Use this for multiple outputs derived from one source:

```python
def write_outputs(context):
    open_path = context.mirror.namespaced_file("open_claims.parquet")
    closed_path = context.mirror.namespaced_file("closed_claims.parquet")
    ...
```

### `root_file(...)`

Use this when you want one stable artifact under the mirror root for the whole flow.

```python
def write_snapshot(context):
    snapshot = context.mirror.root_file("artifacts/latest.parquet")
    context.current.write_parquet(snapshot)
    return snapshot
```

### Common `mirror` patterns

Use `mirror` when you want to:

- preserve source-relative output structure
- create many derived outputs from one source
- write stable summary artifacts under one output root
- avoid hand-building output folder math

All helpers return write-ready paths with parent directories prepared.

## When `source` or `mirror` may be missing

Not every flow has every context surface available.

Examples:

- a manual flow may have no `source`
- a purely in-memory scheduled flow may have no `source`
- a flow with no `mirror(root=...)` has no `mirror`

So it is reasonable to write defensive code when the flow shape allows those cases:

```python
def maybe_capture_source(context):
    if context.source is None:
        return context.current
    context.metadata["source_path"] = str(context.source.path)
    return context.current
```

## Batch values

`Flow.collect(...)` returns a `Batch` of `FileRef` items.
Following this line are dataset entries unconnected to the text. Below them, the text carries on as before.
(* Let $P(x)=\sum_{I\in\mathcal{I}}a_Ix^I$ be a polynomial in $x=(x_1,\dots,x_n)$, $n\ge2$, with $\mathcal{I}\subset\mathbb{N}^n$ finite containing all $I$ with $|I|\le1$, $a_I>0$ on $\mathcal{I}$, $a_I=1$ for $|I|\le1$, which solves $$\frac{\det\Big[\big(P\,\partial_{\alpha}\partial_{\beta}P-\partial_\alpha P\,\partial_\beta P\big)x_\alpha+P\,\partial_\alpha P\,\delta_{\alpha\beta}\Big]_{1\le\alpha,\beta\le n}}{P^{n-1}}=P^{n}.$$ Then for each $i$ there are $k_i\in\mathbb{Z}^+$ and, for each $j\neq i$, $h_{ij}\in\mathbb{N}$ such that, writing $te_i$ for the point with $i$-th coordinate $t$ and other coordinates $0$, $$P(te_i)=\Big(1+\frac{t}{k_i}\Big)^{k_i},\qquad \partial_jP(te_i)=\Big(1+\frac{t}{k_i}\Big)^{h_{ij}}\ (j\ne i),$$ and moreover $\sum_{\alpha\neq i}h_{i\alpha}=k_i(n-2)+2$ for every $i$, and $\frac{h_{ij}}{k_i}=\frac{h_{ji}}{k_j}$ for all $i\neq j$.
   Context: $\partial_\alpha=\partial/\partial x_\alpha$, $x^I=\prod_\alpha x_\alpha^{I_\alpha}$, $|I|=\sum_\alpha I_\alpha$. *)

theory Defs
  imports "HOL-Analysis.Analysis"
begin

definition mpoly_eval :: "('n::finite \<Rightarrow> nat) set \<Rightarrow> (('n \<Rightarrow> nat) \<Rightarrow> real) \<Rightarrow> real^'n \<Rightarrow> real" where
  "mpoly_eval S a x = (\<Sum>I\<in>S. a I * (\<Prod>\<alpha>\<in>UNIV. (x$\<alpha>) ^ I \<alpha>))"

definition pd :: "'n::finite \<Rightarrow> (real^'n \<Rightarrow> real) \<Rightarrow> real^'n \<Rightarrow> real" where
  "pd \<alpha> f x = deriv (\<lambda>t. f (\<chi> k. if k = \<alpha> then t else x$k)) (x$\<alpha>)"

definition mdeg :: "('n::finite \<Rightarrow> nat) \<Rightarrow> nat" where
  "mdeg I = (\<Sum>\<alpha>\<in>UNIV. I \<alpha>)"

end

theory Submission
  imports Defs
    "HOL-Computational_Algebra.Fundamental_Theorem_Algebra"
    "HOL-Computational_Algebra.Polynomial_Factorial"
begin
lemma unity_root_eq_1_iff:
  assumes "n > 0"
  shows "unity_root n m = 1 \<longleftrightarrow> int n dvd m"
proof
  assume "unity_root n m = 1"
  then have "cos (2 * pi * of_int m / real n) = 1"
    unfolding unity_root_def by (metis cis.sel(1) one_complex.sel(1))
  then obtain k :: int where "2 * pi * of_int m / real n = real_of_int k * 2 * pi"
    using cos_one_2pi_int by blast
  with assms have "real_of_int m = real_of_int (k * int n)"
    by (simp add: divide_eq_eq algebra_simps)
  then show "int n dvd m"
    by (simp only: of_int_eq_iff) simp
next
  assume "int n dvd m"
  then obtain k where "m = int n * k" ..
  with assms have "2 * pi * of_int m / real n = 2 * pi * of_int k"
    by simp
  then show "unity_root n m = 1"
    unfolding unity_root_def by simp
qed

lemma sum_unity_root:
  assumes "n > 0"
  shows "(\<Sum>x<n. unity_root n (c * int x)) = (if int n dvd c then of_nat n else 0)"
proof -
  have "(\<Sum>x<n. unity_root n (c * int x)) = (\<Sum>x<n. unity_root n c ^ x)"
    by (simp add: unity_root_power)
  also have "\<dots> = (if unity_root n c = 1 then of_nat n
                     else (1 - unity_root n c ^ n) / (1 - unity_root n c))"
    by (rule sum_gp_strict)
  also have "unity_root n c ^ n = 1"
    using unity_root_eq_1_iff[OF assms] by (simp add: unity_root_power)
  finally show ?thesis
    using unity_root_eq_1_iff[OF assms] by simp
qed

lemma indicator_dvd_eq_sum_unity_root:
  assumes "n > 0"
  shows "(if int n dvd m then 1 else 0) = (\<Sum>t<n. unity_root n (int t * m)) / of_nat n"
  using sum_unity_root[OF assms, of m] assms by (simp add: mult.commute)

lemma sum_assignments_unity_root:
  "(\<Sum>f\<in>assignments n. unity_root n (\<Sum>j<n. c j * int (f j)))
     = (\<Prod>j<n. if int n dvd c j then of_nat n else 0)"
proof -
  have "(\<Sum>f\<in>assignments n. unity_root n (\<Sum>j<n. c j * int (f j)))
      = (\<Sum>f\<in>{..<n} \<rightarrow>\<^sub>E {..<n}. \<Prod>j\<in>{..<n}. unity_root n (c j * int (f j)))"
    by (simp add: assignments_def atLeast0LessThan unity_root_sum)
  also have "\<dots> = (\<Prod>j<n. \<Sum>x<n. unity_root n (c j * int x))"
    by (rule prod_sum_PiE[symmetric]) auto
  also have "\<dots> = (\<Prod>j<n. if int n dvd c j then of_nat n else 0)"
    by (rule prod.cong) (auto simp: sum_unity_root)
  finally show ?thesis .
qed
That means later steps can work with:

- `file_ref.name`
- `file_ref.path`
- `file_ref.stem`
- `file_ref.suffix`
- `file_ref.parent`

Example:

```python
def read_claims(file_ref):
    return pl.read_excel(file_ref.path)
```

When you are in a mapped step, the item is often simpler than the full `context`, and that is by design.

## A practical context walkthrough

Here is a representative flow using several parts of the context together:

```python
import duckdb
import polars as pl

from data_engine import Flow


def read_claims(file_ref):
    return pl.read_excel(file_ref.path)


def combine_claims(context):
    cfg = context.config.get("claims") or {}
    batch_size = cfg.get("runtime", {}).get("batch_size", 5000)
    context.metadata["batch_size"] = batch_size
    return pl.concat(context.current, how="vertical_relaxed")


def summarize(context):
    db_path = context.database("claims/analytics.duckdb")
    conn = duckdb.connect(db_path)
    try:
        conn.register("input", context.current)
        summary = conn.sql("select count(*) as row_count from input").pl()
    finally:
        conn.close()
    output = context.mirror.file("summary.parquet")
    summary.write_parquet(output)
    context.metadata["summary_path"] = str(output)
    return output


def build():
    return (
        Flow(group="Claims")
        .watch(mode="schedule", run_as="batch", interval="15m", source="../../example_data/Input/claims_flat")
        .mirror(root="../../example_data/Output/example_summary")
        .collect([".xlsx"], save_as="claim_files")
        .map(read_claims, use="claim_files", save_as="claim_frames")
        .step(combine_claims, use="claim_frames", save_as="raw_df")
        .step(summarize, use="raw_df")
    )
```

That one flow uses:

- `Batch` and `FileRef`
- `current`
- `objects`
- `config`
- `database(...)`
- `mirror`
- `metadata`

That is the intended shape of the authoring model: small runtime helpers that make native Python data work easier to organize.